Problem to work on:
Nothing outside the range is wanted. Repeat exactly the lines below from the one with "poly \<Rightarrow> nat" through the one with "this gives p".

Information supplied:
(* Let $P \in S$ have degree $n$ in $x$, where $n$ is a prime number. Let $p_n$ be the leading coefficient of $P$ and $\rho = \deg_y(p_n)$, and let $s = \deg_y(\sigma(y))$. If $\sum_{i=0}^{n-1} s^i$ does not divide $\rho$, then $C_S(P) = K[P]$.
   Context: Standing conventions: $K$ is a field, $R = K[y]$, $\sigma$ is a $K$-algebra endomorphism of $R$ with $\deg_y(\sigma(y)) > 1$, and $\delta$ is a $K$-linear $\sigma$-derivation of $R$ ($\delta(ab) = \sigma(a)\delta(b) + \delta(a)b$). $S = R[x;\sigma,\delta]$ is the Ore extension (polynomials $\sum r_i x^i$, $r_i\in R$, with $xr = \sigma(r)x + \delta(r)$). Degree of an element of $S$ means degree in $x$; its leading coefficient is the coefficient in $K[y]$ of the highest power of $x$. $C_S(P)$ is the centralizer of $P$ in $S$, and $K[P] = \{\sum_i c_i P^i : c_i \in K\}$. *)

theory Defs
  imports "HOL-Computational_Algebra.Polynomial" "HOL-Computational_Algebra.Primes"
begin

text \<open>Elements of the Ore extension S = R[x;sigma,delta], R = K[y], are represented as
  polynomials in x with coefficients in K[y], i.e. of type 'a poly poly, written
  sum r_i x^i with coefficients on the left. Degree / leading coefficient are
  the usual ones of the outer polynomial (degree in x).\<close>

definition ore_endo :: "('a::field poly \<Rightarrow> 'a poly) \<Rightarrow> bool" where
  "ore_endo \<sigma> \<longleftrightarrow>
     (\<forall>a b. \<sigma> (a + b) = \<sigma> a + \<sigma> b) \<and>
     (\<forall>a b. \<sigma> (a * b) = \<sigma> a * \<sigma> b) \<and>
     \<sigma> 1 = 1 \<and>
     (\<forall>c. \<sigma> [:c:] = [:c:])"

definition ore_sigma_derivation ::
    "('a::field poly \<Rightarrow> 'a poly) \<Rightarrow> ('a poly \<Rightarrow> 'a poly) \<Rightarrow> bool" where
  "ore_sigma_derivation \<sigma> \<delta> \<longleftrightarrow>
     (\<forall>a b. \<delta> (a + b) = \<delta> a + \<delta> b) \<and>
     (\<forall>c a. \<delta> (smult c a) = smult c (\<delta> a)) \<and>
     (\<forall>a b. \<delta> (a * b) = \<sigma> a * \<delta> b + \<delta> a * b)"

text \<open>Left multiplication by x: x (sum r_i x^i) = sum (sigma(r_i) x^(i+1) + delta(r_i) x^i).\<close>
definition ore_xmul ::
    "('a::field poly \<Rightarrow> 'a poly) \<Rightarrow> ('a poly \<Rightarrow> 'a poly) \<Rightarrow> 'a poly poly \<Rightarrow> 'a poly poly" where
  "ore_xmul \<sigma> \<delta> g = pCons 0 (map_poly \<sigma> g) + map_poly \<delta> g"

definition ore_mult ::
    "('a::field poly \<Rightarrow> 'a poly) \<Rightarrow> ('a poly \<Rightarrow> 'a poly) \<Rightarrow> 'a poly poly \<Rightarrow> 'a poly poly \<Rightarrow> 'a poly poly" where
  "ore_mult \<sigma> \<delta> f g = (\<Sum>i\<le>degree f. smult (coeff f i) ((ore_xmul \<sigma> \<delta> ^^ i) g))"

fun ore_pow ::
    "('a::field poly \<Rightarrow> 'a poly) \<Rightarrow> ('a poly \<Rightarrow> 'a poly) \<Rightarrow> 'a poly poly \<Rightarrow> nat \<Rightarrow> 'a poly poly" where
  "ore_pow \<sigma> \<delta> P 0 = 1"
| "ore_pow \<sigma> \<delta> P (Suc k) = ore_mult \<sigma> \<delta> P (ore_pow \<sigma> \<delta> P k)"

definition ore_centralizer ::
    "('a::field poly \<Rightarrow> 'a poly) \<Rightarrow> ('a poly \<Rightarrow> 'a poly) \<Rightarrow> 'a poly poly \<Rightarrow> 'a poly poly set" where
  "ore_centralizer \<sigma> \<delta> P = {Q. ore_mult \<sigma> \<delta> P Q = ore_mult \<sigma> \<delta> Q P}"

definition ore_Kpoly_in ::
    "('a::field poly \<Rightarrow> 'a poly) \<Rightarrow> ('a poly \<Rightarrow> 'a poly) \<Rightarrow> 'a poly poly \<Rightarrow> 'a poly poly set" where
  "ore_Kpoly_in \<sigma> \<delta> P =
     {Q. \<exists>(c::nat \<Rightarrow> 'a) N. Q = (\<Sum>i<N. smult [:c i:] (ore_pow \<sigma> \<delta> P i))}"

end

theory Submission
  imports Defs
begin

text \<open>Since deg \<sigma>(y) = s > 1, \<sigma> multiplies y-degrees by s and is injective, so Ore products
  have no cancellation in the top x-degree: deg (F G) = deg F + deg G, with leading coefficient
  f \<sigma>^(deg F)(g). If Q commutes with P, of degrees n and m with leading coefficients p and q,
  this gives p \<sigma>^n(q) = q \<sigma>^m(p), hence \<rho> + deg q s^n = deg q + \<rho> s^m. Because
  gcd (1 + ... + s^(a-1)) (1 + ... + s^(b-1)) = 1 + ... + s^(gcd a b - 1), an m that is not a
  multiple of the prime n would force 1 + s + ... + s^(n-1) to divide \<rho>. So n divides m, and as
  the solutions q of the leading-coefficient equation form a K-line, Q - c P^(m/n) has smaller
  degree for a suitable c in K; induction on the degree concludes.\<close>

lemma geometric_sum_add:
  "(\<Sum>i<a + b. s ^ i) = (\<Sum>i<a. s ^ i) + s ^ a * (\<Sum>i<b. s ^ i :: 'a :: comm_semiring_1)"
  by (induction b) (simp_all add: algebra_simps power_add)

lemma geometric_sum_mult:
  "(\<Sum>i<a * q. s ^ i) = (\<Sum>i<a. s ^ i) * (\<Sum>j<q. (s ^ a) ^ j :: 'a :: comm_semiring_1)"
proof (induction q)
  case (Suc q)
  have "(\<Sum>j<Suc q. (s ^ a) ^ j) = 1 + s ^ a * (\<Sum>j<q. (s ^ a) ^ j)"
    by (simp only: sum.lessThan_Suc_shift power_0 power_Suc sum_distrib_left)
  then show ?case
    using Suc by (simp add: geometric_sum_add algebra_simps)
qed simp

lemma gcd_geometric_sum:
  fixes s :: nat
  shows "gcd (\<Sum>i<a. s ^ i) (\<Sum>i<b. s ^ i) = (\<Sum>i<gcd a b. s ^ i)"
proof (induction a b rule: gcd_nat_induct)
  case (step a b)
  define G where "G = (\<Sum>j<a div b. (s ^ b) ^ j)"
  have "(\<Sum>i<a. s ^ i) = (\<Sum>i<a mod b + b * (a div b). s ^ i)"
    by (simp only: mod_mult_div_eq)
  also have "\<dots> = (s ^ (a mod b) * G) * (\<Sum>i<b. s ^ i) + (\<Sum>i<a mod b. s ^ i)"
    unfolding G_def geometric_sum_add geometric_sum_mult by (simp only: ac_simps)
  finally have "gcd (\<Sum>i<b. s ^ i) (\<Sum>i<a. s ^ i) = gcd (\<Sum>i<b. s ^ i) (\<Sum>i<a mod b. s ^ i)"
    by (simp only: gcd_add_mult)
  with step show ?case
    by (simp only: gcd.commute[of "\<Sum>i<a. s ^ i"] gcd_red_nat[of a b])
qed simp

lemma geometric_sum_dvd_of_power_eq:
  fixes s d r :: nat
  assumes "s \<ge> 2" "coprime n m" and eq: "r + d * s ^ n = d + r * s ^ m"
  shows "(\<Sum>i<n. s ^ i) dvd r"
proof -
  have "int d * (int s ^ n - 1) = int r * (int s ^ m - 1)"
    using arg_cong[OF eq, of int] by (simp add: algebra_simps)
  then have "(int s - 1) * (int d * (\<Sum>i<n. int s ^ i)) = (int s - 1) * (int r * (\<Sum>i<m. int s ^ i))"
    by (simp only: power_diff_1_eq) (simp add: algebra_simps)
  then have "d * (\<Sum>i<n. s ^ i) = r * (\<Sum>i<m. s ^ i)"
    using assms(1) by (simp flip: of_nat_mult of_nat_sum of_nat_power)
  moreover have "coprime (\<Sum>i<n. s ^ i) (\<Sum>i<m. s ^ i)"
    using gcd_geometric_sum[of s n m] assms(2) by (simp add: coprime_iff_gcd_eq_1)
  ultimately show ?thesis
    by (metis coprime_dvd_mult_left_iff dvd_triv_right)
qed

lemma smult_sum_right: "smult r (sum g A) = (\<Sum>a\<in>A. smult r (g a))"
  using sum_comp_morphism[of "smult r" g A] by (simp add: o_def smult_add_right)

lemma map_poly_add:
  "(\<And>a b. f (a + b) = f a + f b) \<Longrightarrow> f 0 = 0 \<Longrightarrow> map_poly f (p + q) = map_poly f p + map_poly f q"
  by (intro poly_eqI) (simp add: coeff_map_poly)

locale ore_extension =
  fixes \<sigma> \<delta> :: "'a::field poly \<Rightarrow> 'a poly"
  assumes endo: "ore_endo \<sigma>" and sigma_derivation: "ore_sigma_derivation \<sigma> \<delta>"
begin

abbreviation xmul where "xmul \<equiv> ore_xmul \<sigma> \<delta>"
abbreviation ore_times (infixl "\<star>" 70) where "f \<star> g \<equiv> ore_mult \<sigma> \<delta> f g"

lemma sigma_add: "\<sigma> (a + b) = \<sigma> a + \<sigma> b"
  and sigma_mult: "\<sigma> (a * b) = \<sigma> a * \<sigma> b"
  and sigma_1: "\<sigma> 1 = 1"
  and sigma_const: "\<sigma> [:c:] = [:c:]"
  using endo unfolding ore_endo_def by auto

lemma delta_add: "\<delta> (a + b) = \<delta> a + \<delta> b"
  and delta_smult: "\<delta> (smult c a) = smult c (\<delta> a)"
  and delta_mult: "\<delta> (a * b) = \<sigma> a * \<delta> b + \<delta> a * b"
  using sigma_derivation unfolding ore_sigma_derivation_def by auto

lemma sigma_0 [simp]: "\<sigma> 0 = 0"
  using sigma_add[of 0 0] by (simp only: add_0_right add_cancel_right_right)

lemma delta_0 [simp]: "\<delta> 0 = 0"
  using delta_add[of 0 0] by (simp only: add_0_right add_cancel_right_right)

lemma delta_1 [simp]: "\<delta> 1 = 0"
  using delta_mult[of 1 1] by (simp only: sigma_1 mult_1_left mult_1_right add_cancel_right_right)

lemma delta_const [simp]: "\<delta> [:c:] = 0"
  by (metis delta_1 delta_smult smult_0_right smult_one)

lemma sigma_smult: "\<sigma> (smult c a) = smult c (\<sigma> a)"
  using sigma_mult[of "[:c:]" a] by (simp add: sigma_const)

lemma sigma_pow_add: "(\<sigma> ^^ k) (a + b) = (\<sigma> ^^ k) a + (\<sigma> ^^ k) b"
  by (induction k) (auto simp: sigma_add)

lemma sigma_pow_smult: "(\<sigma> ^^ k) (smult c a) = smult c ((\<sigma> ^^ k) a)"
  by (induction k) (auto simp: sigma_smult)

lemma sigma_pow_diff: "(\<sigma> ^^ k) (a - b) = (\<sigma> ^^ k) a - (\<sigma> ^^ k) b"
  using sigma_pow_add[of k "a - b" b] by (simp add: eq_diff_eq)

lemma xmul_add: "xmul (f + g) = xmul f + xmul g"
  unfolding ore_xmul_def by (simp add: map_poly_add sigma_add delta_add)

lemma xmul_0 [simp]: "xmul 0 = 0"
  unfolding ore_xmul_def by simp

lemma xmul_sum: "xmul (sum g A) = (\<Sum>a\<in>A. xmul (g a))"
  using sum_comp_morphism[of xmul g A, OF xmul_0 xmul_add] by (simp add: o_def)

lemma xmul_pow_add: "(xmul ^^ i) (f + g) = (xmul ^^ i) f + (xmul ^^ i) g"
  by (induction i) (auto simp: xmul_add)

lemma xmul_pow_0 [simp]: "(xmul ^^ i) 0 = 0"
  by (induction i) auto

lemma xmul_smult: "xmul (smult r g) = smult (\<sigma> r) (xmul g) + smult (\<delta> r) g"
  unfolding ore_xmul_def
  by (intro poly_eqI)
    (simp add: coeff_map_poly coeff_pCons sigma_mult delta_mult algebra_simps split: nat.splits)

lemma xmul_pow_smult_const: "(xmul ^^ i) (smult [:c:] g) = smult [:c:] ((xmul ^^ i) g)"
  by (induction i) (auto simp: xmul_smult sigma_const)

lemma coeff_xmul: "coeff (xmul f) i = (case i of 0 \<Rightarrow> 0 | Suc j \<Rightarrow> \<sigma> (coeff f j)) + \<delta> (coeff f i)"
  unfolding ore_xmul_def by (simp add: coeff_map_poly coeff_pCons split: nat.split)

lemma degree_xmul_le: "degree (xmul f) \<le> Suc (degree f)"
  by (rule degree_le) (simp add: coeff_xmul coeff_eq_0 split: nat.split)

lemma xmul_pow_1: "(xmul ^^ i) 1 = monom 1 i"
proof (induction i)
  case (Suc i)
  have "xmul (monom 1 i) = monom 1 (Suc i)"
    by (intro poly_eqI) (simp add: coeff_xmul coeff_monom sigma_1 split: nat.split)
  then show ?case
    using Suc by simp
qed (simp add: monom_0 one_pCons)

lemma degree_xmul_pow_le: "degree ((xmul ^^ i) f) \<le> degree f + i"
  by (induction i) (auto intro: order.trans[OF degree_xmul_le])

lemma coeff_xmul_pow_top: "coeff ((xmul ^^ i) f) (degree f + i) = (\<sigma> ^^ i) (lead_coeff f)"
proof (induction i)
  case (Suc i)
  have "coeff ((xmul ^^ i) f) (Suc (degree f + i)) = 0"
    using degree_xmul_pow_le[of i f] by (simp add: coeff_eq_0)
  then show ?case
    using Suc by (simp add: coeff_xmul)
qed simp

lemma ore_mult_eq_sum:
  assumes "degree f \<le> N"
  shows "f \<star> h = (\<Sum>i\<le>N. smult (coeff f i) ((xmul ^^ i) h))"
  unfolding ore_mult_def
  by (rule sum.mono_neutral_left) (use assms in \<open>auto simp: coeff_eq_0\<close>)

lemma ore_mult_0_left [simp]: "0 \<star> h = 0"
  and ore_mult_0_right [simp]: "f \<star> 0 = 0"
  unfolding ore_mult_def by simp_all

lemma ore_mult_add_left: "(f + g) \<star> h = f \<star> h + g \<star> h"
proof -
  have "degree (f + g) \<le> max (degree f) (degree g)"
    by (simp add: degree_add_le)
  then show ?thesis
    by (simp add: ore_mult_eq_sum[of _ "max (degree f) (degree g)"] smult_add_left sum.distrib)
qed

...

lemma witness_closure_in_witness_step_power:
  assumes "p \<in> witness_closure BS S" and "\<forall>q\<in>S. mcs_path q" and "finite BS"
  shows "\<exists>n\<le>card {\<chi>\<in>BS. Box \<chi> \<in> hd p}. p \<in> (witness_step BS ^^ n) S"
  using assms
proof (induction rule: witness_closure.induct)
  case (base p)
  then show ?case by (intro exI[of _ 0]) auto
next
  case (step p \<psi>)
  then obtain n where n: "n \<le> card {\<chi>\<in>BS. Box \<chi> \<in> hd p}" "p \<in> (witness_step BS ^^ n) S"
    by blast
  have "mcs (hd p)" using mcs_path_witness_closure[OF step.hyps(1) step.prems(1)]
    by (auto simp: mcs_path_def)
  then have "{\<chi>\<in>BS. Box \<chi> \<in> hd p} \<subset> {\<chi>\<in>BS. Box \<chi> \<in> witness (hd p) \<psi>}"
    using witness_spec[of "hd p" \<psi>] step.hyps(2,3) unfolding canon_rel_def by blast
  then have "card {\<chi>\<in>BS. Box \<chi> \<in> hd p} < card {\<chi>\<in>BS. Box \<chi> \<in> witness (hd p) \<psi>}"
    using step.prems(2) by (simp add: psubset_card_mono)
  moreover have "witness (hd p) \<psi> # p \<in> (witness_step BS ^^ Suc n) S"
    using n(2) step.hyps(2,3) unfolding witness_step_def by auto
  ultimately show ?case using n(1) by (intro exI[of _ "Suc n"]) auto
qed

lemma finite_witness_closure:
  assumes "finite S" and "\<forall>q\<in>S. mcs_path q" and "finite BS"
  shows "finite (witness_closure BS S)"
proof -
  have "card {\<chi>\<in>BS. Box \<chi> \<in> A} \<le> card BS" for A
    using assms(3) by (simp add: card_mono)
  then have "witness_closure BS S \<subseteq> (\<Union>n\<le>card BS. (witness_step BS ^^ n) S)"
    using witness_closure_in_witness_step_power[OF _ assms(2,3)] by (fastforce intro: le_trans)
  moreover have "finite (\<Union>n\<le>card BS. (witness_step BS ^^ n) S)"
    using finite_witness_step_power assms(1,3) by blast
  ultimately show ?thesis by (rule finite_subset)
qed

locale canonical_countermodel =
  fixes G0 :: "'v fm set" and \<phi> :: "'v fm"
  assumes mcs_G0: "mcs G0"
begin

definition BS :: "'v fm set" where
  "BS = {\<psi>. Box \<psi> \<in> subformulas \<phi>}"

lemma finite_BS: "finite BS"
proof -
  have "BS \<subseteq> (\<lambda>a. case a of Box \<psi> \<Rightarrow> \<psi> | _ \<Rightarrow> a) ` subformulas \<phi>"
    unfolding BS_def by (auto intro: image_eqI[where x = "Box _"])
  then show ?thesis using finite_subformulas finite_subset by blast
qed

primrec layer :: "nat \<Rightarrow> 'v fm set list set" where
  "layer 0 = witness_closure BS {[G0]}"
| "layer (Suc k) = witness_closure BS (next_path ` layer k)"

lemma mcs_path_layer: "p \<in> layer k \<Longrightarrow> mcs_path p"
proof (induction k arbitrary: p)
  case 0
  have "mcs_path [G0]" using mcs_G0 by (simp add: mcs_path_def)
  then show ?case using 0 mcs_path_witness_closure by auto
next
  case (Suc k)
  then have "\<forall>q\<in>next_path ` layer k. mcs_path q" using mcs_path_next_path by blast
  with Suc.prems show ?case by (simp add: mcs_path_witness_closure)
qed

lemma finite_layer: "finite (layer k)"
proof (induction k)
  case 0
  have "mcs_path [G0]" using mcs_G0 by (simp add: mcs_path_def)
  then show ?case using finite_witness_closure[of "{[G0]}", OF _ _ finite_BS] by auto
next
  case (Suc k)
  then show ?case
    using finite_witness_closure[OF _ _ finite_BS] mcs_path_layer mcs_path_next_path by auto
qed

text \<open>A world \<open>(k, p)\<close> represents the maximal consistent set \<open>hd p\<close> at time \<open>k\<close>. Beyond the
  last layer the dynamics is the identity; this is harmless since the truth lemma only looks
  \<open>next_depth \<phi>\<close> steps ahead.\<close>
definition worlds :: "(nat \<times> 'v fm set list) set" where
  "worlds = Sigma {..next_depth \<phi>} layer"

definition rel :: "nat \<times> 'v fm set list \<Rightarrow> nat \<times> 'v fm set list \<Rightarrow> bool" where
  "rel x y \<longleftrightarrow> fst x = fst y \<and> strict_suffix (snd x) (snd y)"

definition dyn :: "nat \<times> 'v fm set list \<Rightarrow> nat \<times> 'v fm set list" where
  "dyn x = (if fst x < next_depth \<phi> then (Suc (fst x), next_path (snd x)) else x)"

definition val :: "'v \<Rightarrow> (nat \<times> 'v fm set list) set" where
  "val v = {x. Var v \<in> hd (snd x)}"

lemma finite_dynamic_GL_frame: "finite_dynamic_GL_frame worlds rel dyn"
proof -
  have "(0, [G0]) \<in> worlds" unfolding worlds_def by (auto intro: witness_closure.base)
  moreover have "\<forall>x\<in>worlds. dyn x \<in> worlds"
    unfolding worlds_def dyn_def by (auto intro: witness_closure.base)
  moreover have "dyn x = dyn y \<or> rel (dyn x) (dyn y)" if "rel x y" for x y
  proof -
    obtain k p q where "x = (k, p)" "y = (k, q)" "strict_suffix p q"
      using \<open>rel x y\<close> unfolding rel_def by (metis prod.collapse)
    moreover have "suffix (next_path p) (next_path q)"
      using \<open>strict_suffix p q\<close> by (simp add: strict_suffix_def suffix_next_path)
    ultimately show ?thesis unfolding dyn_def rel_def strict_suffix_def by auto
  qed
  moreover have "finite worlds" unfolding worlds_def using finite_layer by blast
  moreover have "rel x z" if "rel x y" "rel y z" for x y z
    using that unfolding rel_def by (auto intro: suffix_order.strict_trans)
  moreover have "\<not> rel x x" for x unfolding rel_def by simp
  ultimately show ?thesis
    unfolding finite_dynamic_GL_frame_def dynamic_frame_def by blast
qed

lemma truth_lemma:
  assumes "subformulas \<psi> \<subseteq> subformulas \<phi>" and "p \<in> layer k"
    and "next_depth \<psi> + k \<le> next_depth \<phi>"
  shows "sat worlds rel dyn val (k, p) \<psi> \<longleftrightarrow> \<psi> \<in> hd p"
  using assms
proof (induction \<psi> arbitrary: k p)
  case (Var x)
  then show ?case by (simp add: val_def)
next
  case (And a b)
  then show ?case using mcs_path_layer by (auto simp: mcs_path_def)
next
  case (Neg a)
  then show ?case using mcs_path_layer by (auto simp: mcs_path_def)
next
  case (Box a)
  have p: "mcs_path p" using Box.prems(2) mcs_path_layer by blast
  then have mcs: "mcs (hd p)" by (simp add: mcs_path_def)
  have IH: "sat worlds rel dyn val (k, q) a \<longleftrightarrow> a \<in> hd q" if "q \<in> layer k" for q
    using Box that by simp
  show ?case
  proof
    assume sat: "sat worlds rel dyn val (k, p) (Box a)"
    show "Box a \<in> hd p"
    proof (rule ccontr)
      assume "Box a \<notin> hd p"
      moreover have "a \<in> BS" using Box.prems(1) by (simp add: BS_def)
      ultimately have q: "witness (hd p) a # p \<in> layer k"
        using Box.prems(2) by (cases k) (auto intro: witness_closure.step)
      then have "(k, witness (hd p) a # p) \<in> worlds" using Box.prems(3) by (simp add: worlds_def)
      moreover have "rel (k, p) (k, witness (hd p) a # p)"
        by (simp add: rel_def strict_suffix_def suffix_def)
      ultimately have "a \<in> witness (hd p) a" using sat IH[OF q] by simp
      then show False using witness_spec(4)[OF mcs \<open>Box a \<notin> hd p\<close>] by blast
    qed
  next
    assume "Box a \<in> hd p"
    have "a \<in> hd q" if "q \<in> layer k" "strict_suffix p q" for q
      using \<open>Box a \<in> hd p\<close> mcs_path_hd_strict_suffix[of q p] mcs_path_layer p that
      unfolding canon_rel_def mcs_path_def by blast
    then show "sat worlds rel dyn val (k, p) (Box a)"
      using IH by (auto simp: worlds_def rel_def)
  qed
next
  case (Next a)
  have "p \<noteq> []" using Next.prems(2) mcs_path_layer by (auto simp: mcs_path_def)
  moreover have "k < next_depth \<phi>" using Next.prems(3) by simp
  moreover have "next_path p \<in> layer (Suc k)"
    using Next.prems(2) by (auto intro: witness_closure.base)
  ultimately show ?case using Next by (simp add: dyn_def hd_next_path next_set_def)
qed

Reply to the task:
    "('a::field poly \<Rightarrow> 'a poly) \<Rightarrow> ('a poly \<Rightarrow> 'a poly) \<Rightarrow> 'a poly poly \<Rightarrow> nat \<Rightarrow> 'a poly poly" where
  "ore_pow \<sigma> \<delta> P 0 = 1"
| "ore_pow \<sigma> \<delta> P (Suc k) = ore_mult \<sigma> \<delta> P (ore_pow \<sigma> \<delta> P k)"

definition ore_centralizer ::
    "('a::field poly \<Rightarrow> 'a poly) \<Rightarrow> ('a poly \<Rightarrow> 'a poly) \<Rightarrow> 'a poly poly \<Rightarrow> 'a poly poly set" where
  "ore_centralizer \<sigma> \<delta> P = {Q. ore_mult \<sigma> \<delta> P Q = ore_mult \<sigma> \<delta> Q P}"

definition ore_Kpoly_in ::
    "('a::field poly \<Rightarrow> 'a poly) \<Rightarrow> ('a poly \<Rightarrow> 'a poly) \<Rightarrow> 'a poly poly \<Rightarrow> 'a poly poly set" where
  "ore_Kpoly_in \<sigma> \<delta> P =
     {Q. \<exists>(c::nat \<Rightarrow> 'a) N. Q = (\<Sum>i<N. smult [:c i:] (ore_pow \<sigma> \<delta> P i))}"

end

theory Submission
  imports Defs
begin

text \<open>Since deg \<sigma>(y) = s > 1, \<sigma> multiplies y-degrees by s and is injective, so Ore products
  have no cancellation in the top x-degree: deg (F G) = deg F + deg G, with leading coefficient
  f \<sigma>^(deg F)(g). If Q commutes with P, of degrees n and m with leading coefficients p and q,
  this gives p \<sigma>^n(q) = q \<sigma>^m(p), hence \<rho> + deg q s^n = deg q + \<rho> s^m. Because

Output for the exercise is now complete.